• The task:
Take the data below and copy exactly the lines starting at the one with "t x) \<rho>" and finishing at the one with "Baire measurability in", both included.

• Information given:
(* Let $(E,\rho)$ be a weighted space and $(P(t))_{t\ge0}$ a generalized Feller semigroup on $\mathscr{B}^\rho(E)$, with associated measures $p(t)(x,\cdot)$. Let $\hat p(t)$ be the restriction of $p(t)$ to $E\times\mathcal{B}_0(E)$. Then for every $t\ge0$ and $A\in\mathcal{B}_0(E)$ the map $x\mapsto \hat p(t)(x,A)$ is $\mathcal{B}_0(E)$-measurable, and for all $s,t\ge0$, $x\in E$, $A\in\mathcal{B}_0(E)$, $$\int_E \hat p(s)(y,A)\,\hat p(t)(x,dy)=\hat p(s+t)(x,A),$$ i.e. $(\hat p(t))_{t\ge0}$ is a semigroup of transition kernels on $(E,\mathcal{B}_0(E))$.
   Context: A weighted space is a pair $(E,\rho)$ where $E$ is a completely regular Hausdorff topological space and $\rho:E\to(0,\infty)$ is an admissible weight function, meaning that for every $R\ge 0$ the sublevel set $K_R:=\{x\in E:\rho(x)\le R\}$ is compact. For $f:E\to\mathbb{R}$ put $\|f\|_\rho:=\sup_{x\in E}|f(x)|/\rho(x)$; $\mathscr{B}^\rho(E)$ denotes the closure of $C_b(E)$ with respect to $\|\cdot\|_\rho$ inside $\{f:E\to\mathbb{R}:\|f\|_\rho<\infty\}$. A generalized Feller semigroup on $\mathscr{B}^\rho(E)$ is a family $(P(t))_{t\ge0}$ of bounded linear operators on $\mathscr{B}^\rho(E)$ such that (P1) $P(0)=\mathrm{Id}$; (P2) $P(t+s)=P(s)P(t)$ for all $s,t\ge0$; (P3) $\lim_{t\downarrow0}P(t)f(x)=f(x)$ for all $f\in\mathscr{B}^\rho(E)$, $x\in E$; (P4) there exist $\varepsilon>0$, $C<\infty$ with $\|P(t)\|_{L(\mathscr{B}^\rho(E))}\le C$ for all $t\in[0,\varepsilon]$; (P5) each $P(t)$ is a positive operator. For each $t\ge 0$, $x\in E$ there is a unique positive finite Radon measure $p(t)(x,\cdot)$ on the Borel σ-algebra $\mathcal{B}(E)$ with $\int\rho\,dp(t)(x,\cdot)<\infty$ and $P(t)f(x)=\int_E f(y)\,p(t)(x,dy)$ for all $f\in\mathscr{B}^\rho(E)$. The Baire σ-algebra $\mathcal{B}_0(E)$ is the smallest σ-algebra on $E$ making all bounded continuous functions measurable. *)

theory Defs
  imports "HOL-Probability.Probability"
begin

definition Cb :: "('a::topological_space \<Rightarrow> real) set" where
  "Cb = {f. continuous_on UNIV f \<and> bounded (range f)}"

definition admissible_weight :: "('a::topological_space \<Rightarrow> real) \<Rightarrow> bool" where
  "admissible_weight \<rho> \<longleftrightarrow> (\<forall>x. \<rho> x > 0) \<and> (\<forall>R\<ge>0. compact {x. \<rho> x \<le> R})"

definition weighted_space :: "('a::topological_space \<Rightarrow> real) \<Rightarrow> bool" where
  "weighted_space \<rho> \<longleftrightarrow> completely_regular_space (euclidean :: 'a topology)
      \<and> Hausdorff_space (euclidean :: 'a topology) \<and> admissible_weight \<rho>"

definition wfinite :: "('a \<Rightarrow> real) \<Rightarrow> ('a \<Rightarrow> real) \<Rightarrow> bool" where
  "wfinite \<rho> f \<longleftrightarrow> bdd_above (range (\<lambda>x. \<bar>f x\<bar> / \<rho> x))"

definition wnorm :: "('a \<Rightarrow> real) \<Rightarrow> ('a \<Rightarrow> real) \<Rightarrow> real" where
  "wnorm \<rho> f = (SUP x. \<bar>f x\<bar> / \<rho> x)"

definition Brho :: "('a::topological_space \<Rightarrow> real) \<Rightarrow> ('a \<Rightarrow> real) set" where
  "Brho \<rho> = {f. wfinite \<rho> f \<and>
     (\<forall>e>0. \<exists>g\<in>Cb. wfinite \<rho> g \<and> wfinite \<rho> (\<lambda>x. f x - g x) \<and> wnorm \<rho> (\<lambda>x. f x - g x) \<le> e)}"

text \<open>Bounded linear operator on B^rho(E) (only its action on B^rho(E) matters).\<close>
definition bounded_linear_on_Brho ::
    "('a::topological_space \<Rightarrow> real) \<Rightarrow> (('a \<Rightarrow> real) \<Rightarrow> ('a \<Rightarrow> real)) \<Rightarrow> bool" where
  "bounded_linear_on_Brho \<rho> T \<longleftrightarrow>
     (\<forall>f\<in>Brho \<rho>. T f \<in> Brho \<rho>) \<and>
     (\<forall>f\<in>Brho \<rho>. \<forall>g\<in>Brho \<rho>. \<forall>a b::real.
         T (\<lambda>x. a * f x + b * g x) = (\<lambda>x. a * T f x + b * T g x)) \<and>
     (\<exists>C. \<forall>f\<in>Brho \<rho>. wnorm \<rho> (T f) \<le> C * wnorm \<rho> f)"

definition gen_feller_semigroup ::
    "('a::topological_space \<Rightarrow> real) \<Rightarrow> (real \<Rightarrow> ('a \<Rightarrow> real) \<Rightarrow> ('a \<Rightarrow> real)) \<Rightarrow> bool" where
  "gen_feller_semigroup \<rho> P \<longleftrightarrow>
     (\<forall>t\<ge>0. bounded_linear_on_Brho \<rho> (P t)) \<and>
     (\<forall>f\<in>Brho \<rho>. P 0 f = f) \<and>
     (\<forall>s\<ge>0. \<forall>t\<ge>0. \<forall>f\<in>Brho \<rho>. P (t + s) f = P s (P t f)) \<and>
     (\<forall>f\<in>Brho \<rho>. \<forall>x. ((\<lambda>t. P t f x) \<longlongrightarrow> f x) (at_right 0)) \<and>
     (\<exists>\<epsilon>>0. \<exists>C. \<forall>t\<in>{0..\<epsilon>}. \<forall>f\<in>Brho \<rho>. wnorm \<rho> (P t f) \<le> C * wnorm \<rho> f) \<and>
     (\<forall>t\<ge>0. \<forall>f\<in>Brho \<rho>. (\<forall>x. f x \<ge> 0) \<longrightarrow> (\<forall>x. P t f x \<ge> 0))"

definition inner_regular_compact :: "'a::topological_space measure \<Rightarrow> bool" where
  "inner_regular_compact M \<longleftrightarrow>
     (\<forall>B\<in>sets M. emeasure M B = (SUP K\<in>{K. compact K \<and> K \<subseteq> B}. emeasure M K))"

definition associated_measures ::
    "('a::topological_space \<Rightarrow> real) \<Rightarrow> (real \<Rightarrow> ('a \<Rightarrow> real) \<Rightarrow> ('a \<Rightarrow> real))
      \<Rightarrow> (real \<Rightarrow> 'a \<Rightarrow> 'a measure) \<Rightarrow> bool" where
  "associated_measures \<rho> P p \<longleftrightarrow>
     (\<forall>t\<ge>0. \<forall>x. sets (p t x) = sets borel \<and> finite_measure (p t x)
        \<and> inner_regular_compact (p t x) \<and> integrable (p t x) \<rho>
        \<and> (\<forall>f\<in>Brho \<rho>. P t f x = (\<integral>y. f y \<partial>(p t x))))"

definition baire :: "'a::topological_space measure" where
  "baire = sigma UNIV {f -` B | f B. f \<in> Cb \<and> B \<in> sets (borel :: real measure)}"

definition restr_baire :: "'a::topological_space measure \<Rightarrow> 'a measure" where
  "restr_baire M = measure_of UNIV (sets baire) (emeasure M)"

end

theory Submission
  imports Defs
begin

text \<open>For a zero set \<open>Z = f -` {0}\<close> of a bounded continuous \<open>f\<close>, the bounded continuous
  functions \<open>max 0 (1 - n \<bar>f\<bar>)\<close> decrease to the indicator of \<open>Z\<close>. By dominated convergence,
  \<open>p(t)(x, Z)\<close> is then the pointwise limit of \<open>P(t)\<close> applied to them, which gives
  Baire measurability in \<open>x\<close>, and the semigroup law of \<open>P\<close> passes to the limit as the
  Chapman--Kolmogorov equation for \<open>Z\<close>. Zero sets are closed under finite intersections and
  generate the Baire \<open>\<sigma>\<close>-algebra, so Dynkin's \<open>\<pi>\<close>-\<open>\<lambda>\<close> theorem extends both statements to all
  Baire sets, finiteness of the measures taking care of complements.\<close>

subsection \<open>Bounded continuous functions and the Baire \<open>\<sigma>\<close>-algebra\<close>

lemma CbI: "continuous_on UNIV h \<Longrightarrow> (\<And>x. \<bar>h x\<bar> \<le> M) \<Longrightarrow> h \<in> Cb"
  unfolding Cb_def bounded_iff by auto

lemma Cb_continuous_on: "f \<in> Cb \<Longrightarrow> continuous_on UNIV f"
  unfolding Cb_def by blast

lemma Cb_bounded: "f \<in> Cb \<Longrightarrow> \<exists>M. \<forall>x. \<bar>f x\<bar> \<le> M"
  unfolding Cb_def by (auto simp: bounded_iff)

lemma Cb_borel_measurable: "f \<in> Cb \<Longrightarrow> f \<in> borel_measurable borel"
  by (rule borel_measurable_continuous_onI) (rule Cb_continuous_on)

lemma space_baire [simp]: "space baire = UNIV"
  unfolding baire_def by (simp add: space_measure_of_conv)

lemma sets_baire:
  "sets baire = sigma_sets UNIV {f -` B | f B. f \<in> Cb \<and> B \<in> sets (borel :: real measure)}"
  unfolding baire_def by (rule sets_measure_of) auto

lemma Cb_measurable_baire: "f \<in> Cb \<Longrightarrow> f \<in> borel_measurable baire"
  unfolding measurable_def sets_baire by auto

lemma sets_baire_subset_borel: "sets baire \<subseteq> sets (borel :: 'a::topological_space measure)"
proof -
  have "{f -` B | f B. f \<in> Cb \<and> B \<in> sets (borel :: real measure)} \<subseteq> sets (borel :: 'a measure)"
    by (auto intro: measurable_sets_borel Cb_borel_measurable)
  from sets.sigma_sets_subset[OF this] show ?thesis
    unfolding sets_baire by simp
qed

lemma measurable_baire_imp_measurable:
  assumes "f \<in> borel_measurable baire" and "sets M = sets borel"
  shows "f \<in> borel_measurable M"
proof -
  have "space M = UNIV"
    using sets_eq_imp_space_eq[OF assms(2)] by simp
  then show ?thesis
    using measurable_sets[OF assms(1)] sets_baire_subset_borel assms(2)
    by (auto simp: measurable_def)
qed

definition Cb_zero_sets :: "'a::topological_space set set" where
  "Cb_zero_sets = {f -` {0} | f. f \<in> Cb}"

lemma UNIV_in_Cb_zero_sets: "UNIV \<in> Cb_zero_sets"
proof -
  have "(\<lambda>_. 0::real) \<in> Cb" by (rule CbI[where M=0]) auto
  moreover have "UNIV = (\<lambda>_. 0::real) -` {0}" by simp
  ultimately show ?thesis
    unfolding Cb_zero_sets_def by blast
qed

lemma Int_stable_Cb_zero_sets: "Int_stable (Cb_zero_sets :: 'a::topological_space set set)"
proof (rule Int_stableI)
  fix a b :: "'a set" assume "a \<in> Cb_zero_sets" "b \<in> Cb_zero_sets"
  then obtain f g :: "'a \<Rightarrow> real" where f: "f \<in> Cb" "a = f -` {0}" and g: "g \<in> Cb" "b = g -` {0}"
    unfolding Cb_zero_sets_def by blast
  obtain M N where M: "\<And>x. \<bar>f x\<bar> \<le> M" and N: "\<And>x. \<bar>g x\<bar> \<le> N"
    using Cb_bounded[OF f(1)] Cb_bounded[OF g(1)] by blast
  have "(\<lambda>x. \<bar>f x\<bar> + \<bar>g x\<bar>) \<in> Cb"
  proof (rule CbI[where M="M + N"])
    show "continuous_on UNIV (\<lambda>x. \<bar>f x\<bar> + \<bar>g x\<bar>)"
      by (intro continuous_intros Cb_continuous_on f(1) g(1))
    show "\<bar>\<bar>f x\<bar> + \<bar>g x\<bar>\<bar> \<le> M + N" for x
      using M[of x] N[of x] by simp
  qed
  moreover have "a \<inter> b = (\<lambda>x. \<bar>f x\<bar> + \<bar>g x\<bar>) -` {0}"
    unfolding f(2) g(2) by (auto simp: add_nonneg_eq_0_iff)
  ultimately show "a \<inter> b \<in> Cb_zero_sets"
    unfolding Cb_zero_sets_def by blast
qed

• Answer space:
        \<and> inner_regular_compact (p t x) \<and> integrable (p t x) \<rho>
        \<and> (\<forall>f\<in>Brho \<rho>. P t f x = (\<integral>y. f y \<partial>(p t x))))"

definition baire :: "'a::topological_space measure" where
  "baire = sigma UNIV {f -` B | f B. f \<in> Cb \<and> B \<in> sets (borel :: real measure)}"

definition restr_baire :: "'a::topological_space measure \<Rightarrow> 'a measure" where
  "restr_baire M = measure_of UNIV (sets baire) (emeasure M)"

end

theory Submission
  imports Defs
begin

text \<open>For a zero set \<open>Z = f -` {0}\<close> of a bounded continuous \<open>f\<close>, the bounded continuous
  functions \<open>max 0 (1 - n \<bar>f\<bar>)\<close> decrease to the indicator of \<open>Z\<close>. By dominated convergence,
  \<open>p(t)(x, Z)\<close> is then the pointwise limit of \<open>P(t)\<close> applied to them, which gives
  Baire measurability in \<open>x\<close>, and the semigroup law of \<open>P\<close> passes to the limit as the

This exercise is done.